Docker plans to integrate support for unikernels into its own tools and services as it’s starting to look at technologies beyond containers to help developers build even more efficient microservices architectures. The price of the acquisition was not disclosed.
The basic idea behind unikernels is to strip down the operating system to the absolute minimum so it can run a very specific application. Nothing more, nothing less. This means you would compile the necessary libraries to run an application right into the kernel of the operating system, for example.
The result of this is a very small and fast machine that has fewer security issues than traditional operating systems (because you strip out so much from the operating system, the attack surface becomes very small, too).
Because of this, unikernels are great for applications where security and efficiency are paramount (think secure government systems, real-time trading platforms and IoT applications).
So why is Docker interested in all of this? Docker founder and CTO Solomon Hykes acknowledged that this is likely the “most obscure” of Docker’s acquisitions, but he also told me that he sees it as the company’s most exciting one to date.
The 13-people strong Unikernel Systems team is largely comprises developers who previously worked on the Xen hypervisor. Unikernel Systems is a major contributor to the overall unikernel ecosystem and its open source components. Hykes tells me Docker will continue to be very active in this community.
With this acquisition, Docker is bringing a lot of deep technical knowledge into the fold. “Expect the Docker platform to be much more aggressive in solving problems lower in the stack,” Hykes said. “[This acquisition] gives us a lot more firepower to solve these problems.”
But that’s only partly what this acquisition is about. While you probably only think “containers” when you hear about Docker, the company now seems to think about Docker as an ecosystem that isn’t just about containers. In this view, Docker is mostly about moving the microservices movement forward, and if you look at it through this lens, then unikernels are a logical next step for Docker.
With containers, developers “got a taste of small,” Hykes told me. In his view, unikernels are “the next step in shrinking the payload from VMs to containers to unikernels.”
He does not, however, believe that one has to inevitably replace the other.
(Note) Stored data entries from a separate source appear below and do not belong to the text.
(* For $K>K^*:=\frac{b\sigma_1}{b-\mu_0}$ let $G_3(K)=(S(K),I_1(K),0,0,R(K))$ be the unique equilibrium of the system below with $S,I_1,R>0$. Then $K\mapsto R(K)$ and $K\mapsto I_1(K)$ are strictly increasing, $K\mapsto S(K)$ is strictly decreasing, $R(K)\to0$, $I_1(K)\to0$ and $S(K)\to\sigma_1$ as $K\downarrow K^*$, and for all $K>K^*$ $$0<I_1(K)<\frac{\mu_4'-\mu_0}{\alpha_1},\qquad \frac{\mu_1-\mu_4'}{\alpha_1}<S(K)<\frac{\mu_1-\mu_0}{\alpha_1}.$$
   Context: Consider, for $t\ge0$, the system $S'=\big(b(1-\tfrac{N}{K})-\alpha_1I_1-\alpha_2I_2-(\beta_1+\beta_2+\alpha_3)I_{12}-\mu_0\big)S$, $I_1'=\big(b(1-\tfrac{N}{K})+\alpha_1S-\eta_1I_{12}-\gamma_1I_2-\mu_1\big)I_1+\beta_1SI_{12}$, $I_2'=\big(b(1-\tfrac{N}{K})+\alpha_2S-\eta_2I_{12}-\gamma_2I_1-\mu_2\big)I_2+\beta_2SI_{12}$, $I_{12}'=\big(b(1-\tfrac{N}{K})+\alpha_3S+\eta_1I_1+\eta_2I_2-\mu_3\big)I_{12}+(\gamma_1+\gamma_2)I_1I_2$, $R'=\big(b(1-\tfrac{N}{K})-\mu_4'\big)R+\rho_1I_1+\rho_2I_2+\rho_3I_{12}$, where $N=S+I_1+I_2+I_{12}+R$. All parameters $b,K,\alpha_i,\beta_i,\gamma_i,\eta_i,\rho_i,\mu_0,\mu_i'$ are positive and $\mu_i=\rho_i+\mu_i'$ for $i=1,2,3$; $K$ is regarded as a varying parameter, the others fixed. Standing assumptions: $b>\mu_0$, $b>\mu_i$ ($i=1,2,3$), $b>\mu_4'$, and $\mu_0<\mu_4'<\mu_j'$ for $j=1,2,3$. Set $\sigma_k=(\mu_k-\mu_0)/\alpha_k$ ($k=1,2,3$), assumed to satisfy $\sigma_1<\sigma_2<\sigma_3$, and $S^{**}=\frac{K}{b}(b-\mu_0)$. *)

theory Defs
  imports "HOL-Analysis.Analysis"
begin

record params =
  p_b :: real
  p_alpha1 :: real  p_alpha2 :: real  p_alpha3 :: real
  p_beta1 :: real   p_beta2 :: real
  p_gamma1 :: real  p_gamma2 :: real
  p_eta1 :: real    p_eta2 :: real
  p_rho1 :: real    p_rho2 :: real    p_rho3 :: real
  p_mu0 :: real
  p_mu1' :: real  p_mu2' :: real  p_mu3' :: real  p_mu4' :: real

definition mu1 :: "params \<Rightarrow> real" where "mu1 p = p_rho1 p + p_mu1' p"
definition mu2 :: "params \<Rightarrow> real" where "mu2 p = p_rho2 p + p_mu2' p"
definition mu3 :: "params \<Rightarrow> real" where "mu3 p = p_rho3 p + p_mu3' p"

definition sigma1 :: "params \<Rightarrow> real" where "sigma1 p = (mu1 p - p_mu0 p) / p_alpha1 p"
definition sigma2 :: "params \<Rightarrow> real" where "sigma2 p = (mu2 p - p_mu0 p) / p_alpha2 p"
definition sigma3 :: "params \<Rightarrow> real" where "sigma3 p = (mu3 p - p_mu0 p) / p_alpha3 p"

definition Kstar :: "params \<Rightarrow> real" where
  "Kstar p = p_b p * sigma1 p / (p_b p - p_mu0 p)"

definition rhs :: "params \<Rightarrow> real \<Rightarrow> real \<times> real \<times> real \<times> real \<times> real
                    \<Rightarrow> real \<times> real \<times> real \<times> real \<times> real" where
  "rhs p K x = (case x of (S, I1, I2, I12, R) \<Rightarrow>
     (let N = S + I1 + I2 + I12 + R; g = p_b p * (1 - N / K) in
      ( (g - p_alpha1 p * I1 - p_alpha2 p * I2
           - (p_beta1 p + p_beta2 p + p_alpha3 p) * I12 - p_mu0 p) * S,
        (g + p_alpha1 p * S - p_eta1 p * I12 - p_gamma1 p * I2 - mu1 p) * I1 + p_beta1 p * S * I12,
        (g + p_alpha2 p * S - p_eta2 p * I12 - p_gamma2 p * I1 - mu2 p) * I2 + p_beta2 p * S * I12,
        (g + p_alpha3 p * S + p_eta1 p * I1 + p_eta2 p * I2 - mu3 p) * I12
           + (p_gamma1 p + p_gamma2 p) * I1 * I2,
        (g - p_mu4' p) * R + p_rho1 p * I1 + p_rho2 p * I2 + p_rho3 p * I12)))"

definition equilibrium :: "params \<Rightarrow> real \<Rightarrow> real \<times> real \<times> real \<times> real \<times> real \<Rightarrow> bool" where
  "equilibrium p K x \<longleftrightarrow> rhs p K x = (0, 0, 0, 0, 0)"

definition isG3 :: "params \<Rightarrow> real \<Rightarrow> real \<times> real \<times> real \<times> real \<times> real \<Rightarrow> bool" where
  "isG3 p K x \<longleftrightarrow> equilibrium p K x \<and>
     (\<exists>S I1 R. x = (S, I1, 0, 0, R) \<and> S > 0 \<and> I1 > 0 \<and> R > 0)"

definition G3 :: "params \<Rightarrow> real \<Rightarrow> real \<times> real \<times> real \<times> real \<times> real" where
  "G3 p K = (THE x. isG3 p K x)"

definition G3_S :: "params \<Rightarrow> real \<Rightarrow> real" where
  "G3_S p K = (case G3 p K of (S, I1, I2, I12, R) \<Rightarrow> S)"
definition G3_I1 :: "params \<Rightarrow> real \<Rightarrow> real" where
  "G3_I1 p K = (case G3 p K of (S, I1, I2, I12, R) \<Rightarrow> I1)"
definition G3_R :: "params \<Rightarrow> real \<Rightarrow> real" where
  "G3_R p K = (case G3 p K of (S, I1, I2, I12, R) \<Rightarrow> R)"

end

theory Submission
  imports Defs
begin

text \<open>
  At a \<open>G\<^sub>3\<close> equilibrium the S-equation forces the logistic factor to be
  \<open>\<alpha>\<^sub>1 I\<^sub>1 + \<mu>\<^sub>0\<close>, so the \<open>I\<^sub>1\<close>-equation gives \<open>S = \<sigma>\<^sub>1 - I\<^sub>1\<close> and the
  R-equation gives \<open>R = \<rho>\<^sub>1 I\<^sub>1 / (\<mu>\<^sub>4' - \<mu>\<^sub>0 - \<alpha>\<^sub>1 I\<^sub>1)\<close>, which is positive only for
  \<open>I\<^sub>1 < (\<mu>\<^sub>4' - \<mu>\<^sub>0)/\<alpha>\<^sub>1\<close>. Solving the definition of \<open>N\<close> for \<open>K\<close> then expresses
  the carrying capacity as a function \<open>K = F(I\<^sub>1)\<close> which is continuous and strictly
  increasing on \<open>[0, (\<mu>\<^sub>4' - \<mu>\<^sub>0)/\<alpha>\<^sub>1)\<close>, starts at \<open>F(0) = K\<^sup>*\<close> and is unbounded.
  Hence \<open>I\<^sub>1(K) = F\<^sup>-\<^sup>1(K)\<close> exists, is unique, increases and tends to \<open>0\<close> as
  \<open>K \<down> K\<^sup>*\<close>; the behaviour of \<open>S\<close> and \<open>R\<close> is read off from their formulas in \<open>I\<^sub>1\<close>.
\<close>

lemma strict_mono_on_right_inverse:
  fixes f :: "'a::linorder \<Rightarrow> 'b::linorder"
  assumes "strict_mono_on A f" and "\<And>y. y \<in> B \<Longrightarrow> g y \<in> A \<and> f (g y) = y"
  shows "strict_mono_on B g"
proof (rule monotone_onI)
  fix x y assume "x \<in> B" "y \<in> B" "x < y"
  then show "g x < g y"
    using strict_mono_on_less[OF assms(1), of "g x" "g y"] assms(2) by simp
qed

lemma tendsto_right_inverse_at_right:
  fixes f g :: "real \<Rightarrow> real"
  assumes mono: "strict_mono_on {a..<c} f" and "a < c"
    and inv: "\<And>y. y > f a \<Longrightarrow> g y \<in> {a<..<c} \<and> f (g y) = y"
  shows "(g \<longlongrightarrow> a) (at_right (f a))"
proof (rule order_tendstoI)
  fix l assume "l < a"
  show "eventually (\<lambda>y. l < g y) (at_right (f a))"
    using eventually_at_right_less by (rule eventually_mono) (use inv \<open>l < a\<close> in force)
next
  fix u assume "a < u"
  define e where "e = (a + min u c) / 2"
  have e: "a < e" "e < c" "e < u" using \<open>a < u\<close> \<open>a < c\<close> by (auto simp: e_def)
  then have "f a < f e" using mono by (auto simp: monotone_on_def)
  then have "eventually (\<lambda>y. y \<in> {f a<..<f e}) (at_right (f a))"
    by (rule eventually_at_right_real)
  then show "eventually (\<lambda>y. g y < u) (at_right (f a))"
  proof (rule eventually_mono)
    fix y assume y: "y \<in> {f a<..<f e}"
    have "g y < e"
      using strict_mono_on_less[OF mono, of "g y" e] inv[of y] y e by simp
    then show "g y < u" using e by simp
  qed
qed

lemma equilibrium_G3_iff:
  "equilibrium p K (S, I, 0, 0, R) \<longleftrightarrow>
    (let g = p_b p * (1 - (S + I + R) / K) in
     (g - p_alpha1 p * I - p_mu0 p) * S = 0 \<and> (g + p_alpha1 p * S - mu1 p) * I = 0
     \<and> (g - p_mu4' p) * R + p_rho1 p * I = 0)"
  unfolding equilibrium_def rhs_def Let_def by simp

locale G3_params =
  fixes p :: params
  assumes alpha1_pos: "0 < p_alpha1 p"
    and rho1_pos: "0 < p_rho1 p"
    and mu0_pos: "0 < p_mu0 p"
    and mu0_less_mu4': "p_mu0 p < p_mu4' p"
    and mu4'_less_b: "p_mu4' p < p_b p"
    and mu4'_less_mu1': "p_mu4' p < p_mu1' p"
begin

definition I_max :: real where
  "I_max = (p_mu4' p - p_mu0 p) / p_alpha1 p"

definition R_of :: "real \<Rightarrow> real" where
  "R_of I = p_rho1 p * I / (p_mu4' p - p_mu0 p - p_alpha1 p * I)"

text \<open>The carrying capacity at which \<open>I\<^sub>1 = I\<close> is a \<open>G\<^sub>3\<close> equilibrium.\<close>
definition K_of :: "real \<Rightarrow> real" where
  "K_of I = p_b p * (sigma1 p + R_of I) / (p_b p - p_mu0 p - p_alpha1 p * I)"

lemma mu4'_less_mu1: "p_mu4' p < mu1 p"
  using rho1_pos mu4'_less_mu1' by (simp add: mu1_def)

lemma sigma1_pos: "0 < sigma1 p"
  using alpha1_pos mu0_less_mu4' mu4'_less_mu1 by (simp add: sigma1_def)

lemma alpha1_mult_sigma1: "p_alpha1 p * sigma1 p = mu1 p - p_mu0 p"
  using alpha1_pos by (simp add: sigma1_def)

lemma Kstar_pos: "0 < Kstar p"
  using sigma1_pos mu0_pos mu0_less_mu4' mu4'_less_b by (simp add: Kstar_def)

lemma I_max_pos: "0 < I_max"
  using alpha1_pos mu0_less_mu4' by (simp add: I_max_def)

lemma sigma1_minus_I_max: "sigma1 p - I_max = (mu1 p - p_mu4' p) / p_alpha1 p"
  using alpha1_pos by (simp add: sigma1_def I_max_def diff_divide_distrib)

lemma less_I_max_iff: "I < I_max \<longleftrightarrow> 0 < p_mu4' p - p_mu0 p - p_alpha1 p * I"
  using alpha1_pos by (simp add: I_max_def pos_less_divide_eq mult.commute)

lemma K_of_denom_pos: "I < I_max \<Longrightarrow> 0 < p_b p - p_mu0 p - p_alpha1 p * I"
  using less_I_max_iff mu4'_less_b by simp

lemma R_of_pos: "0 < I \<Longrightarrow> I < I_max \<Longrightarrow> 0 < R_of I"
  using less_I_max_iff rho1_pos by (simp add: R_of_def)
Using unikernels means you have to make some tradeoffs — mostly around compatibility and tooling. Docker plans to integrate unikernel support into its own tools in the near future. “What nobody wants is three completely separate sets of tools,” he noted. “One for VMs, one for containers and one for unikernels.”
If you paid attention at DockerCon Europe last year (you did, right?), then all of this may be a little less of a surprise. At the event, Docker actually showed a brief demo of how its tools could be used to manage unikernel deployments. Anil Madhavapeddy, the CTO of Unikernel Systems and the project lead of MirageOS (an open source library operating system for building unikernels), ran that on-stage demo.